Gav18 v Minister for Home Affairs

Case

[2019] FCCA 424

25 February 2019


FEDERAL CIRCUIT COURT OF AUSTRALIA

GAV18 v MINISTER FOR HOME AFFAIRS & ANOR [2019] FCCA 424
Catchwords:
MIGRATION – Administrative Appeals Tribunal – whether the applicant was notified of the delegate’s decision in accordance with s 494C of the Migration Act 1958 – where Tribunal found did not have jurisdiction – no arguable case of relief made out – application dismissed under r.44.12.

Legislation:

Federal Circuit Court Rules 2001 (Cth), r.44.12
Migration Act 1958 (Cth), ss.476, 494C
Migration Regulations 1994 (Cth), reg.4.31

Applicant: GAV18
First Respondent: MINISTER FOR HOME AFFAIRS
Second Respondent: ADMINISTRATIVE APPEALS TRIBUNAL
File Number: SYG 3237 of 2018
Judgment of: Judge Street
Hearing date: 25 February 2019
Date of Last Submission: 25 February 2019
Delivered at: Sydney
Delivered on: 25 February 2019

REPRESENTATION

The Applicant appeared in person.
Solicitors for the Respondents: Mr A Gardner
MinterEllison

ORDERS

  1. The application is dismissed under r.44.12 of the Federal Circuit Court Rules 2001 (Cth).
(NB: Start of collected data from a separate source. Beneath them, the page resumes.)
lemma natural_CupL_N_top: "Comp (whisker (ups m) (Gen CupL) []) (N.norm m [Up, Dn]) \<approx> N.norm m []"
proof -
  let ?U = "ups m"
  let ?cup = "whisker ?U (Gen CupL) []" and ?a = "whisker (Up # ?U @ [Dn]) V_in []"
    and ?cap = "whisker (Up # ?U) (Gen CapL) ?U" and ?v = "whisker [] V_out ?U"
  have "N.norm m [Up, Dn]
      \<approx> Comp (whisker [] V_out [Dn]) (Comp (whisker [Dn] V_in []) (whisker [] (Gen CapL) ?U))"
    using N.norm_pair[of m Up Dn] by simp
  also have "\<dots> \<approx> Comp ?a (Comp ?cap ?v)" by (rule vertices_interchange)
  finally have norm: "N.norm m [Up, Dn] \<approx> Comp ?a (Comp ?cap ?v)" .
  have zigzag: "Comp (whisker ?U (Gen CupL) (Up # ?U)) ?cap \<approx> Idt (?U @ Up # ?U)"
  proof -
    have "Comp (whisker ?U (Gen CupL) (Up # ?U)) ?cap
        \<approx> Comp (whisker ?U (whisker [] (Gen CupL) [Up]) ?U)
               (whisker ?U (whisker [Up] (Gen CapL) []) ?U)"
      by (intro eqv.comp_cong whisker_whisker_rev) auto
    also have "\<dots> \<approx> Idt (?U @ Up # ?U)" using whisker_inverse[OF zigzag_L_Up, of ?U ?U] by simp
    finally show ?thesis .
  qed
  have "Comp ?cup (N.norm m [Up, Dn]) \<approx> Comp (Comp ?cup ?a) (Comp ?cap ?v)"
    by (intro eqv.trans[OF comp_cong_right[OF norm]] comp_assoc_rev) auto
  also have "\<dots> \<approx> Comp (Comp (whisker ?U V_in []) (whisker ?U (Gen CupL) (Up # ?U))) (Comp ?cap ?v)"
    by (intro comp_cong_left) (use whisker_interchange[of "Gen CupL" V_in ?U "[]"] in auto)
  also have "\<dots> \<approx> Comp (whisker ?U V_in []) (Comp (Comp (whisker ?U (Gen CupL) (Up # ?U)) ?cap) ?v)"
    by (intro eqv.trans[OF eqv.comp_assoc] comp_cong_right comp_assoc_rev) auto
  also have "\<dots> \<approx> Comp (whisker ?U V_in []) ?v"
    by (intro comp_cong_right eqv.trans[OF comp_cong_left[OF zigzag]] comp_Idt_left) auto
  also have "\<dots> \<approx> Comp (whisker ?U V_in []) (whisker ?U V_out [])"
    by (intro comp_cong_right eqv.sym[OF whisker_VOut_ups]) auto
  also have "\<dots> \<approx> Idt ?U" using whisker_inverse[OF VIn_VOut, of ?U "[]"] by simp
  finally show ?thesis by simp
qed

lemma natural_CupR_N_bottom: "Comp (whisker [] (Gen CupR) []) (N.norm 0 [Dn, Up]) \<approx> N.norm 0 []"
proof -
  let ?a = "whisker [Dn] V_in [Up]" and ?cap = "whisker [] (Gen CapL) (Up # ups m)"
  have "N.norm 0 [Dn, Up]
      \<approx> Comp (whisker [] (Comp (whisker [Dn] V_in []) (whisker [] (Gen CapL) (ups m))) [Up]) V_out"
    using N.norm_pair[of 0 Dn Up] by simp
  also have "\<dots> \<approx> Comp (Comp ?a ?cap) V_out"
    by (intro comp_cong_left eqv.trans[OF whisker_Comp] eqv.comp_cong whisker_whisker) auto
  finally have norm: "N.norm 0 [Dn, Up] \<approx> Comp (Comp ?a ?cap) V_out" .
  have "Comp (whisker [] (Gen CupR) []) (N.norm 0 [Dn, Up])
      \<approx> Comp (Gen CupR) (Comp (Comp ?a ?cap) V_out)"
    by (intro eqv.comp_cong whisker_Nil norm) auto
  also have "\<dots> \<approx> Comp (Comp (Comp (Gen CupR) ?a) ?cap) V_out"
    by (intro eqv.trans[OF comp_assoc_rev] comp_cong_left comp_assoc_rev) auto
  also have "\<dots> \<approx> Comp V_in V_out" by (intro comp_cong_left VIn_rotation) auto
  also have "\<dots> \<approx> Idt []" by (rule VIn_VOut)
  finally show ?thesis by simp
qed

lemma natural_CupL_N:
  assumes k: "k \<le> m"
  shows "Comp (whisker (ups k) (Gen CupL) []) (N.norm k [Up, Dn]) \<approx> N.norm k []"
proof (cases "k = m")
  case True
  then show ?thesis using natural_CupL_N_top by simp
next
  case False
  have "N.norm k [Up, Dn]
      \<approx> Comp (whisker [] (Idt (ups k @ [Up])) [Dn]) (whisker (ups k) (Gen CapR) [])"
    using N.norm_pair[of k Up Dn] k False by simp
  also have "\<dots> \<approx> Comp (Idt (ups k @ [Up, Dn])) (whisker (ups k) (Gen CapR) [])"
    by (intro comp_cong_left) (use whisker_Idt[of "[]" "ups k @ [Up]" "[Dn]"] in auto)
  also have "\<dots> \<approx> whisker (ups k) (Gen CapR) []" by (intro comp_Idt_left) auto
  finally have "Comp (whisker (ups k) (Gen CupL) []) (N.norm k [Up, Dn])
      \<approx> Comp (whisker (ups k) (Gen CupL) []) (whisker (ups k) (Gen CapR) [])"
    by (intro comp_cong_right) (use k in \<open>auto simp del: norm_dgm.simps\<close>)
  also have "\<dots> \<approx> Idt (ups k)" using whisker_inverse[OF circle_L, of "ups k" "[]"] by simp
  finally show ?thesis by simp
qed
  2. The applicant pay the first respondent’s costs fixed in the amount of $3,737.00.

DATE OF ORDER: 25 February 2019

FEDERAL CIRCUIT COURT
OF AUSTRALIA
AT SYDNEY

SYG 3237 of 2018

GAV18

Applicant

And

MINISTER FOR HOME AFFAIRS

First Respondent

ADMINISTRATIVE APPEALS TRIBUNAL

Second Respondent

REASONS FOR JUDGMENT

  1. This is an application for a Constitutional writ within the Court’s jurisdiction under s 476 of the Migration Act1958 (Cth) (“the Act”) in respect of a decision of the Administrative Appeals Tribunal (“the Tribunal”) that on 23 October 2018 holding that it did not have jurisdiction to review a decision of the delegate made on 26 August 2014. The application for review to the Tribunal was lodged on 3 October 2018.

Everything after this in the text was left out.